You trust the wrong version of that night.

The hockey boy narrowed his eyes.

“There aren’t multiple versions.”

Lenora looked at him.

“That’s what we think.”

She leaned back slightly.

“But someone is building them.”

Pamela exhaled slowly.

“And the goal is to make us choose one.”

Lenora nodded.

“Exactly.”

Lilibeth tilted her head.

“Choose what?”

Lenora looked at her.

“A false truth.”

The words hung heavy.

Kylen rubbed his face.

“I’m going to fail life.”

No one laughed.

Because none of it felt funny anymore.

After school, they met at the hockey rink again.

Empty.

Quiet.

Cold.

The ice reflected the overhead lights in long pale streaks.

The hockey boy stood at center ice while Lenora sat in the stands above.

Pamela, Lilibeth, and Kylen stayed near the benches.
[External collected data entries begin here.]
(* Let $\sigma$ be a strongly erasing $k$-block substitution with $w_\epsilon\ne1^k$ that satisfies the optimality condition. Then for every $w\in\{0,1\}^*$ there is $h\in\mathbb N$ such that $f_\sigma^h([w])=\mathbb I$. Consequently $f_\sigma$ is topologically mixing: for all nonempty open sets $A,B\subseteq\mathbb I$ there is $N$ such that $f_\sigma^n(A)\cap B\ne\emptyset$ for all $n\ge N$.
   Context: Notation: $\mathbb I=[0,1]$. $\{0,1\}^*$ and $\{0,1\}^\omega$ denote finite and infinite binary words, and $\epsilon$ is the empty word. For a word $w$, set $0.w=\sum_iw_i2^{-i}$. For $x\in(0,1]$, $\widetilde x$ is the unique infinite binary expansion of $x$ not ending in $0^\infty$. For $w\in\{0,1\}^*$, the cylinder is $[w]=\{x\in\mathbb I:x=0.wv\text{ for some finite or infinite word }v\}$. Fix $k\ge2$. An erasing $k$-block substitution is a map $\sigma:\{0,1\}^k\to\{0,1\}^*$ with exactly one block $w_\epsilon$ such that $\sigma(w_\epsilon)=\epsilon$. It acts blockwise on infinite words and on finite words of length a multiple of $k$. $k$-rounding: a $k$-rounding of $w$ is any word $wv$ whose length is the least multiple of $k$ that is $\ge|w|$; if $|w|$ is a multiple of $k$, the only $k$-rounding of $w$ is $w$. $\sigma$ is strongly erasing if for every $w\in\{0,1\}^*$ there exist $n\in\mathbb N$ and words $r_0,\dots,r_{n-1}$ such that $r_0$ is a $k$-rounding of $w$, $r_j$ is a $k$-rounding of $\sigma(r_{j-1})$ for $1\le j\le n-1$, and $\sigma(r_{n-1})=\epsilon$. The map $f_\sigma:\mathbb I\to\mathbb I$ is defined by $f_\sigma(x)=0.\sigma(\widetilde x)$ if $x\in(0,1]$ and $\widetilde x\neq w_\epsilon^\infty$, and $f_\sigma(x)=0$ otherwise. Optimality condition: every $w\in\{0,1\}^\omega$ can be written as $w=\prod_{i\ge1}\sigma(b_i)$ with blocks $b_i\in\{0,1\}^k$ satisfying $\sigma(b_i)\ne\epsilon$. *)

theory Defs
  imports "HOL-Analysis.Analysis"
begin

text \<open>Finite binary words are bool lists (True = 1), infinite binary words are
  functions nat \<Rightarrow> bool (position 0 is the first letter). Block substitutions are
  maps on bool lists; only their values on lists of length k matter.\<close>

definition bit :: "bool \<Rightarrow> real" where
  "bit b = (if b then 1 else 0)"

definition val_fin :: "bool list \<Rightarrow> real" where
  "val_fin w = (\<Sum>i<length w. bit (w ! i) / 2 ^ (i + 1))"

definition val_inf :: "(nat \<Rightarrow> bool) \<Rightarrow> real" where
  "val_inf s = (\<Sum>i. bit (s i) / 2 ^ (i + 1))"

definition app_inf :: "bool list \<Rightarrow> (nat \<Rightarrow> bool) \<Rightarrow> (nat \<Rightarrow> bool)" where
  "app_inf w v = (\<lambda>n. if n < length w then w ! n else v (n - length w))"

definition tilde :: "real \<Rightarrow> (nat \<Rightarrow> bool)" where
  "tilde x = (THE s. (\<forall>n. \<exists>m\<ge>n. s m) \<and> val_inf s = x)"

definition cyl :: "bool list \<Rightarrow> real set" where
  "cyl w = {val_fin (w @ v) | v. True} \<union> {val_inf (app_inf w v) | v. True}"

definition block :: "nat \<Rightarrow> (nat \<Rightarrow> bool) \<Rightarrow> nat \<Rightarrow> bool list" where
  "block k s i = map s [i * k..<(i + 1) * k]"

definition chunks :: "nat \<Rightarrow> bool list \<Rightarrow> bool list list" where
  "chunks k w = map (\<lambda>i. take k (drop (i * k) w)) [0..<length w div k]"

definition subst_fin :: "nat \<Rightarrow> (bool list \<Rightarrow> bool list) \<Rightarrow> bool list \<Rightarrow> bool list" where
  "subst_fin k \<sigma> w = concat (map \<sigma> (chunks k w))"

definition erasing_subst :: "nat \<Rightarrow> (bool list \<Rightarrow> bool list) \<Rightarrow> bool" where
  "erasing_subst k \<sigma> \<longleftrightarrow> (\<exists>!b. length b = k \<and> \<sigma> b = [])"

definition w_eps :: "nat \<Rightarrow> (bool list \<Rightarrow> bool list) \<Rightarrow> bool list" where
  "w_eps k \<sigma> = (THE b. length b = k \<and> \<sigma> b = [])"

definition is_rounding :: "nat \<Rightarrow> bool list \<Rightarrow> bool list \<Rightarrow> bool" where
  "is_rounding k w r \<longleftrightarrow> (\<exists>v. r = w @ v) \<and> length r mod k = 0 \<and>
     (\<forall>m. m mod k = 0 \<and> length w \<le> m \<longrightarrow> length r \<le> m)"

definition strongly_erasing :: "nat \<Rightarrow> (bool list \<Rightarrow> bool list) \<Rightarrow> bool" where
  "strongly_erasing k \<sigma> \<longleftrightarrow> (\<forall>w. \<exists>n \<ge> 1. \<exists>r :: nat \<Rightarrow> bool list.
      is_rounding k w (r 0) \<and>
      (\<forall>j. 1 \<le> j \<and> j \<le> n - 1 \<longrightarrow> is_rounding k (subst_fin k \<sigma> (r (j - 1))) (r j)) \<and>
      subst_fin k \<sigma> (r (n - 1)) = [])"

text \<open>0.(ws 0 ws 1 ws 2 ...) for the (finite or infinite) concatenation of finite words\<close>
definition val_concat :: "(nat \<Rightarrow> bool list) \<Rightarrow> real" where
  "val_concat ws = (\<Sum>i. val_fin (ws i) / 2 ^ (\<Sum>j<i. length (ws j)))"

definition f_sigma :: "nat \<Rightarrow> (bool list \<Rightarrow> bool list) \<Rightarrow> real \<Rightarrow> real" where
  "f_sigma k \<sigma> x = (if 0 < x \<and> x \<le> 1 \<and> \<not> (\<forall>i. block k (tilde x) i = w_eps k \<sigma>)
      then val_concat (\<lambda>i. \<sigma> (block k (tilde x) i)) else 0)"

definition optimal :: "nat \<Rightarrow> (bool list \<Rightarrow> bool list) \<Rightarrow> bool" where
  "optimal k \<sigma> \<longleftrightarrow> (\<forall>s :: nat \<Rightarrow> bool. \<exists>b :: nat \<Rightarrow> bool list.
      (\<forall>i. length (b i) = k \<and> \<sigma> (b i) \<noteq> []) \<and>
      (\<forall>n. map s [0..<(\<Sum>j<n. length (\<sigma> (b j)))] = concat (map (\<sigma> \<circ> b) [0..<n])))"

end

theory Submission
  imports Defs
begin

text \<open>If the length of r is a multiple of k, every point 0.\<sigma>(r)t of the cylinder [\<sigma>(r)] has a
  preimage in [r]: by optimality t = \<sigma>(b0)\<sigma>(b1)... with non-erased blocks bi, and f_sigma maps
  the point with expansion r b0 w_eps b1 w_eps ... to it. Following the chain of k-roundings
  given by strong erasure, the h-th iterate of [w] contains f_sigma([r]), which contains
  [\<sigma>(r)] = [\<epsilon>] = [0,1] for the last word r of the chain. Mixing follows because every
  nonempty open set contains a cylinder and f_sigma maps [0,1] onto itself.\<close>

lemma summable_digits: "summable (\<lambda>i. bit (s i) / 2 ^ (i + 1) :: real)"
proof (rule summable_comparison_test[where g="\<lambda>i. (1/2::real) ^ Suc i"])
  show "summable (\<lambda>i. (1/2::real) ^ Suc i)" using power_half_series summable_def by blast
qed (auto simp: bit_def power_divide)

lemma val_inf_sums: "(\<lambda>i. bit (s i) / 2 ^ (i + 1)) sums val_inf s"
  unfolding val_inf_def using summable_digits summable_sums by blast

lemma val_inf_nonneg: "0 \<le> val_inf s"
  unfolding val_inf_def by (rule suminf_nonneg[OF summable_digits]) (simp add: bit_def)

lemma val_inf_le_1: "val_inf s \<le> 1"
proof -
  have "val_inf s \<le> (\<Sum>i. (1/2::real) ^ Suc i)"
    unfolding val_inf_def
    by (rule suminf_le) (use power_half_series summable_def summable_digits in
        \<open>auto simp: bit_def power_divide\<close>)
  also have "\<dots> = 1" using power_half_series sums_unique by metis
  finally show ?thesis .
qed

lemma val_inf_pos: assumes "s m" shows "0 < val_inf s"
proof -
  have "(\<Sum>i\<in>{m}. bit (s i) / 2 ^ (i + 1)) \<le> val_inf s"
    unfolding val_inf_def by (rule sum_le_suminf[OF summable_digits]) (auto simp: bit_def)
  moreover have "0 < bit (s m) / 2 ^ (m + 1)" using assms by (simp add: bit_def)
  ultimately show ?thesis by simp
qed

lemma val_inf_app_inf: "val_inf (app_inf w v) = val_fin w + val_inf v / 2 ^ length w"
proof -
  let ?f = "\<lambda>i. bit (app_inf w v i) / 2 ^ (i + 1) :: real"
  have "val_inf (app_inf w v) = (\<Sum>i. ?f (i + length w)) + (\<Sum>i<length w. ?f i)"
    unfolding val_inf_def by (rule suminf_split_initial_segment[OF summable_digits])
  moreover have "(\<Sum>i<length w. ?f i) = val_fin w"
    unfolding val_fin_def app_inf_def by (rule sum.cong) auto
  moreover have "(\<Sum>i. ?f (i + length w)) = (\<Sum>i. bit (v i) / 2 ^ (i + 1) / 2 ^ length w)"
    by (rule arg_cong[where f=suminf]) (auto simp: app_inf_def power_add)
  moreover have "\<dots> = val_inf v / 2 ^ length w"
    unfolding val_inf_def by (rule suminf_divide[OF summable_digits])
  ultimately show ?thesis by simp
qed

lemma val_inf_const_False: "val_inf (\<lambda>_. False) = 0"
  by (simp add: val_inf_def bit_def)

lemma val_fin_eq_val_inf: "val_fin w = val_inf (app_inf w (\<lambda>_. False))"
  by (simp add: val_inf_app_inf val_inf_const_False)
“This is the only place where everything is recorded,” Pamela said.

The hockey boy looked up.

“Cameras.”

Pamela nodded.

“If someone’s manipulating a narrative, they can’t control everything here.”

Lenora leaned forward.

“So we go back through the footage.”

Kylen raised a hand.

“I would like to formally say I am not emotionally prepared for this.”

Lilibeth sighed.

“But we are doing it anyway.”

The hockey boy skated to the side entrance and pulled open the control room door.

A small monitor bank flickered inside.

Old footage storage.

Security logs.

Everything.

Lenora followed him in.

The others stayed outside.

The room smelled like metal and dust.

He pulled up the championship night feed.

Lenora stood beside him.

“Start from 11 p.m.”

He nodded.

They watched.

Fast forward.

Crowds.

Celebration.

Movement.

Time ticking forward.

11:58.

12:10.

12:30.

Then—

12:46.

Lenora leaned in.

“Pause.”

He did.

The screen showed the hallway.

Empty.

Still.

Then—

a figure appeared.

Pamela.

Lenora frowned.

“Zoom in.”

He did.

Pamela stood in the hallway.

Talking to someone off-frame.

Lenora’s stomach tightened.

“Where’s your father?”

The hockey boy scrubbed forward slightly.

Then paused again.

A second figure entered the frame.

Lenora leaned closer.

And froze.

Because the second figure wasn’t his father.

It was someone else.

Someone she hadn’t expected.

Kylen.

From outside the control room.

Watching.

Lenora slowly turned her head.

The realization didn’t come as shock.

It came as alignment.

Like pieces snapping into place.

Kylen wasn’t surprised.

He was already looking at them through the glass.

And for the first time since everything began—

he wasn’t joking.

He wasn’t laughing.

He was just watching.

Waiting.

And the message that had been following them all along

finally made sense.

You trust the wrong version of that night.

Lenora whispered,

“It wasn’t Pamela.”

The hockey boy went still beside her.

Lenora’s eyes stayed on Kylen outside.

“It was never just her.”

And outside the control room,

Kylen smiled.

Just slightly.

Like the trap had finally finished closing.